Рядом с ним был чернорукий старик, провожавший его, от селения, — тот самый, что обещал сказать, где жена. Он был рядом, но исчез, растворился в густой пыли. Как удержать его, как оберечь, как сказать, чтобы не исчезал? Все это было невозможно, только пес бежал за ними, а невидимый старик вел и его и пса к какой-то пещере.

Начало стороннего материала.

text \<open>Rescaling y by a suitable c with |c| = ||x||/||y|| (aligning its phase with x) gives
  a point within ||x|| dR(x,y) of x: the chord is shorter than the arc.\<close>
lemma rescaling_close:
  fixes x y :: "complex^'v::finite"
  assumes x: "x \<noteq> 0" and y: "y \<noteq> 0"
  obtains c where "cmod c = norm x / norm y" "norm (c *s y - x) \<le> norm x * dR x y"
proof -
  define h where "h = hinner x y"
  define p where "p = (if h = 0 then 1 else h / complex_of_real (cmod h))"
  define c where "c = p * complex_of_real (norm x / norm y)"
  have p1: "cmod p = 1" by (simp add: p_def norm_divide)
  have cn: "cmod c = norm x / norm y" unfolding c_def norm_mult p1 norm_of_real by simp
  have pcnj: "p * cnj h = complex_of_real (cmod h)"
  proof (cases "h = 0")
    case True then show ?thesis by (simp add: p_def)
  next
    case False
    then have "p * cnj h = (h * cnj h) / complex_of_real (cmod h)" by (simp add: p_def)
    also have "\<dots> = complex_of_real (cmod h)"
      using False by (simp add: complex_norm_square[symmetric] power2_eq_square)
    finally show ?thesis .
  qed
  have ny: "norm (c *s y) = norm x" using cn y by (simp add: norm_smult_vec)
  have "hinner (c *s y) x = c * cnj h" by (simp add: hinner_smult hinner_cnj[of y x] h_def)
  also have "\<dots> = complex_of_real (cmod h * (norm x / norm y))"
    by (simp add: c_def pcnj[symmetric] ac_simps)
  finally have "Re (hinner (c *s y) x) = cmod h * (norm x / norm y)"
    by (simp only: Re_complex_of_real)
  hence hr: "Re (hinner (c *s y) x) = (norm x)\<^sup>2 * cos_angle x y"
    using x y by (simp add: cos_angle_def h_def power2_eq_square field_simps)
  define r where "r = dR x y"
  have r0: "0 \<le> r" "r \<le> pi / 2" using dR_props[OF x y] by (auto simp: r_def)
  have "(norm (c *s y - x))\<^sup>2 = 2 * (norm x)\<^sup>2 * (1 - cos r)"
    by (simp add: norm_diff_sq ny hr dR_props(1)[OF x y] r_def algebra_simps)
  also have "1 - cos r = 2 * (sin (r / 2))\<^sup>2"
    using cos_double_sin[of "r/2"] by simp
  also have "(sin (r / 2))\<^sup>2 \<le> (r / 2)\<^sup>2"
    using r0 by (intro power_mono sin_x_le_x sin_ge_zero) auto
  hence "2 * (norm x)\<^sup>2 * (2 * (sin (r / 2))\<^sup>2) \<le> 2 * (norm x)\<^sup>2 * (2 * (r / 2)\<^sup>2)"
    by (intro mult_left_mono) auto
  finally have "(norm (c *s y - x))\<^sup>2 \<le> (norm x * r)\<^sup>2"
    by (simp add: power_mult_distrib power2_eq_square ac_simps)
  hence "norm (c *s y - x) \<le> norm x * r"
    by (rule power2_le_imp_le) (simp add: r0(1))
  thus ?thesis using that cn r_def by blast
qed

section \<open>Scalar inequalities\<close>

lemma scaled_power_increment:
  fixes a r :: real
  assumes "a \<ge> 1" "r \<ge> 0"
  shows "a * ((1 + r) ^ m - 1) \<le> (1 + a * r) ^ m - 1"
proof (induction m)
  case 0 then show ?case by simp
next
  case (Suc m)
  have IH: "a * (1 + r) ^ m - a + 1 \<le> (1 + a * r) ^ m" using Suc.IH by (simp add: right_diff_distrib)
  have "(1 + a * r) * (a * (1 + r) ^ m - a + 1) - (a * (1 + r) ^ Suc m - a + 1)
      = a * r * (a - 1) * ((1 + r) ^ m - 1)"
    by (simp add: algebra_simps)
  moreover have "(1 + r) ^ m \<ge> 1" using assms by simp
  ultimately have "a * (1 + r) ^ Suc m - a + 1 \<le> (1 + a * r) * (a * (1 + r) ^ m - a + 1)"
    using assms by (smt (verit) mult_nonneg_nonneg)
  also have "\<dots> \<le> (1 + a * r) ^ Suc m"
    using mult_left_mono[OF IH, of "1 + a * r"] assms by simp
  finally show ?case by (simp add: algebra_simps)
qed

text \<open>The relative variation of the i-th scaled row: degree k <= D only enters via sqrt k
  and the exponent k - 1, both monotone in k.\<close>
lemma relative_increment_bound:
  fixes B Z X t :: real
  assumes k: "1 \<le> k" "k \<le> D" and X: "X > 0" and t: "t \<ge> 0" and BZ: "B \<ge> 0" "Z \<ge> 0"
  shows "real k * B * Z * ((X + t) ^ (k - 1) - X ^ (k - 1)) / (sqrt k * X ^ (k - 1))
     \<le> Z * (sqrt D * ((1 + t / X) ^ (D - 1) - 1)) * B"
proof -
  have "X + t = X * (1 + t / X)" using X by (simp add: field_simps)
  hence factor: "(X + t) ^ (k - 1) - X ^ (k - 1) = X ^ (k - 1) * ((1 + t / X) ^ (k - 1) - 1)"
    by (simp add: power_mult_distrib right_diff_distrib)
  have cancel: "P \<noteq> 0 \<Longrightarrow> q \<noteq> 0 \<Longrightarrow> a * B * Z * (P * F) / (q * P) = (a / q) * F * (Z * B)"
    for a q P F :: real
    by (simp add: field_simps)
  have "real k * B * Z * ((X + t) ^ (k - 1) - X ^ (k - 1)) / (sqrt k * X ^ (k - 1))
      = (real k / sqrt k) * ((1 + t / X) ^ (k - 1) - 1) * (Z * B)"
    unfolding factor using X k by (intro cancel) auto
  also have "\<dots> = sqrt k * ((1 + t / X) ^ (k - 1) - 1) * (Z * B)" by (simp add: real_div_sqrt)
  also have "\<dots> \<le> sqrt D * ((1 + t / X) ^ (D - 1) - 1) * (Z * B)"
  proof (intro mult_right_mono mult_mono)
    have "1 \<le> 1 + t / X" using X t by simp
    thus "(1 + t / X) ^ (k - 1) - 1 \<le> (1 + t / X) ^ (D - 1) - 1"
      using k by (simp add: power_increasing)
    show "0 \<le> (1 + t / X) ^ (k - 1) - 1" using X t by simp
  qed (use k BZ in auto)
  finally show ?thesis by (simp add: ac_simps)
qed
lemma achieves_rate_iff_roots_in_cball:
  fixes Q :: "real mat"
  assumes Q: "Q \<in> carrier_mat n n" and sym: "transpose_mat Q = Q" and n: "0 < n"
  shows "achieves_rate n \<alpha> \<beta> \<gamma> Q \<rho> \<longleftrightarrow>
    (\<forall>\<kappa>. eigenvalue Q \<kappa> \<longrightarrow> roots_in_cball \<rho> (momentum_trace \<alpha> \<beta> \<gamma> \<kappa>) (momentum_det \<alpha> \<beta> \<gamma> \<kappa>))"
proof -
  have A: "map_mat complex_of_real (momentum_matrix n \<alpha> \<beta> \<gamma> Q) \<in> carrier_mat (n + n) (n + n)"
    using momentum_matrix_carrier[OF Q] by simp
  show ?thesis
    unfolding achieves_rate_def spectral_radius_le_iff[OF A add_pos_pos[OF n n]]
    by (auto simp: spectrum_momentum_matrix[OF Q sym] roots_in_cball_def)
qed

theorem corollary1:
  fixes n :: nat and m L \<alpha> \<beta> \<gamma> \<rho> :: real and Q0 :: "real mat" and q0 :: "real vec"
  assumes "0 < m" and "m \<le> L"
    and "in_QmL n m L Q0 q0"
    and "achieves_rate n \<alpha> \<beta> \<gamma> Q0 \<rho>"
    and "\<rho> < 1"
  shows "\<forall>Q q. in_QmL n m L Q q \<longrightarrow> achieves_rate n \<alpha> \<beta> \<gamma> Q \<rho>"
proof (intro allI impI)
  fix Q q assume "in_QmL n m L Q q"
  then have Q: "Q \<in> carrier_mat n n" "transpose_mat Q = Q"
    and spec_Q: "\<And>\<kappa>. eigenvalue Q \<kappa> \<Longrightarrow> m \<le> \<kappa> \<and> \<kappa> \<le> L"
    unfolding in_QmL_def by auto
  from assms(3) have Q0: "Q0 \<in> carrier_mat n n" "transpose_mat Q0 = Q0"
    and ev: "eigenvalue Q0 m" "eigenvalue Q0 L"
    unfolding in_QmL_def by auto
  have n: "0 < n" using eigenvalue_imp_dim_pos[OF Q0(1) ev(1)] .
  have "roots_in_cball \<rho> (momentum_trace \<alpha> \<beta> \<gamma> m) (momentum_det \<alpha> \<beta> \<gamma> m)"
    and "roots_in_cball \<rho> (momentum_trace \<alpha> \<beta> \<gamma> L) (momentum_det \<alpha> \<beta> \<gamma> L)"
    using assms(4) ev unfolding achieves_rate_iff_roots_in_cball[OF Q0 n] by blast+
  with spec_Q show "achieves_rate n \<alpha> \<beta> \<gamma> Q \<rho>"
    unfolding achieves_rate_iff_roots_in_cball[OF Q n]
    by (blast intro: roots_in_cball_momentum_between)
qed
(* Let $A$ be a locally convex topological vector space over $\mathbb C$ and $K\subset A$. Then $$\{V\in\mathrm{Max}\,A: F(V)\cap S(K,\mathbb C\setminus\{0\})\ne\emptyset\}\subset\check K,$$ with equality if $K$ is convex and compact.
   Context: $\mathrm{Max}\,A$ is the set of closed subspaces of $A$; $A^\vee$ the continuous dual; $F(V)=\{\phi\in A^\vee:\phi|_V=0\}$; $S(K,U)=\{\phi\in A^\vee:\phi(K)\subset U\}$; $\check K=\{V\in\mathrm{Max}\,A: V\cap K=\emptyset\}$. *)

theory Defs
  imports "HOL-Analysis.Analysis"
begin

definition cvs_axioms :: "(complex \<Rightarrow> 'a::ab_group_add \<Rightarrow> 'a) \<Rightarrow> bool" where
  "cvs_axioms sm \<longleftrightarrow>
     (\<forall>x. sm 1 x = x) \<and>
     (\<forall>a b x. sm (a * b) x = sm a (sm b x)) \<and>
     (\<forall>a b x. sm (a + b) x = sm a x + sm b x) \<and>
     (\<forall>a x y. sm a (x + y) = sm a x + sm a y)"

definition c_convex :: "(complex \<Rightarrow> 'a::ab_group_add \<Rightarrow> 'a) \<Rightarrow> 'a set \<Rightarrow> bool" where
  "c_convex sm K \<longleftrightarrow>
     (\<forall>x\<in>K. \<forall>y\<in>K. \<forall>t::real. 0 \<le> t \<and> t \<le> 1 \<longrightarrow>
        sm (complex_of_real t) x + sm (complex_of_real (1 - t)) y \<in> K)"

definition locally_convex_tvs ::
    "(complex \<Rightarrow> 'a::{ab_group_add,topological_space} \<Rightarrow> 'a) \<Rightarrow> bool" where
  "locally_convex_tvs sm \<longleftrightarrow>
     cvs_axioms sm \<and>
     continuous_on UNIV (\<lambda>p::'a \<times> 'a. fst p + snd p) \<and>
     continuous_on UNIV (\<lambda>p::complex \<times> 'a. sm (fst p) (snd p)) \<and>
     (\<forall>U. open U \<and> 0 \<in> U \<longrightarrow> (\<exists>W. open W \<and> 0 \<in> W \<and> W \<subseteq> U \<and> c_convex sm W))"

definition cdual :: "(complex \<Rightarrow> 'a::{ab_group_add,topological_space} \<Rightarrow> 'a) \<Rightarrow> ('a \<Rightarrow> complex) set" where
  "cdual sm = {\<phi>. (\<forall>x y. \<phi> (x + y) = \<phi> x + \<phi> y) \<and> (\<forall>c x. \<phi> (sm c x) = c * \<phi> x)
                  \<and> continuous_on UNIV \<phi>}"

definition MaxA :: "(complex \<Rightarrow> 'a::{ab_group_add,topological_space} \<Rightarrow> 'a) \<Rightarrow> 'a set set" where
  "MaxA sm = {V. closed V \<and> 0 \<in> V \<and> (\<forall>x\<in>V. \<forall>y\<in>V. x + y \<in> V) \<and> (\<forall>c. \<forall>x\<in>V. sm c x \<in> V)}"

definition Fann :: "(complex \<Rightarrow> 'a::{ab_group_add,topological_space} \<Rightarrow> 'a) \<Rightarrow> 'a set \<Rightarrow> ('a \<Rightarrow> complex) set" where
  "Fann sm V = {\<phi> \<in> cdual sm. \<forall>v\<in>V. \<phi> v = 0}"

definition Sset :: "(complex \<Rightarrow> 'a::{ab_group_add,topological_space} \<Rightarrow> 'a) \<Rightarrow> 'a set \<Rightarrow> complex set \<Rightarrow> ('a \<Rightarrow> complex) set" where
  "Sset sm K U = {\<phi> \<in> cdual sm. \<phi> ` K \<subseteq> U}"

definition Kcheck :: "(complex \<Rightarrow> 'a::{ab_group_add,topological_space} \<Rightarrow> 'a) \<Rightarrow> 'a set \<Rightarrow> 'a set set" where
  "Kcheck sm K = {V \<in> MaxA sm. V \<inter> K = {}}"

end

(* Let V be a closed subspace missing the compact convex set K. Compactness (tube lemma) and
   local convexity give an open convex neighbourhood W of 0 with (W + K) \<inter> V = {}, so
   S = K + V + W is open, convex, avoids 0 and is stable under translation by V. The cone over S
   is an open convex cone without 0, so by the cone form of the Hahn-Banach theorem some
   real-linear f is positive on S. It is continuous because it is bounded near 0, it vanishes on
   V because it stays positive on each line k + R v through S, and its complexification lies in
   F(V) \<inter> S(K, C - {0}).
   Conversely, a functional vanishing on V and nowhere on K forces V \<inter> K = {}. *)

theory Submission
  imports Defs
begin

Ему стало страшно. Болели ноги, исколотые кустами. А ведь прошел он совсем мало, со стариком они почти сразу свернули вниз, к пещере. Нет, почему же мало! Он повсюду ходил, где только не был. Сеньор Ничо присел на камень огненного цвета, такого самого цвета, как холодный огонь земли. Он присел подумать, что с ним. Значит, сперва он вышел на большую дорогу и сейчас, припомнив ее, обрадовался. Ему смутно чудилось, что он добрался по ней до текуньей вершины. Да, он там был, и старик тоже все время был с ним, хотя он того и не хотел. Он сбегал туда и вернулся, взглянул и вернулся. Сеньор Ничо Акино сидел между входом в пещеру и колючими зарослями. На песке, как на солнечных часах, острые тени скал гонялись друг за другом, отмечая время. Для него время кончилось. Ворон, похожий цветом на старый ключ, пролетел над ним, клюнул его в плечо и удивился, что он живой. Сеньор Ничо спал с открытыми глазами на своих мешках. Он решил войти в пещеру, но почти сразу испугался, что беззубая пасть проглотит его и захлопнется за его спиной. Чтобы увидеть свет, он высунулся и увидел ворона. От голода ему мерещились запахи жаркого и лепешек, черные буковки бобов на плотной бумаге пирога, сладкое печенье, мед с молоком и анисом, коричный напиток. Мерой голода он измерял, до чего дошел, куда скатился в поисках беглой жены. Он платил за собственную глупость. Нет, это не глупость. Ну, за прихоть. И прихотью это не было. Ладно, за то, чтобы жена снова билась в его объятиях. А почему другую не найти? Потому что другая — не она. Ага, вот в чем суть: почему ему не все едино?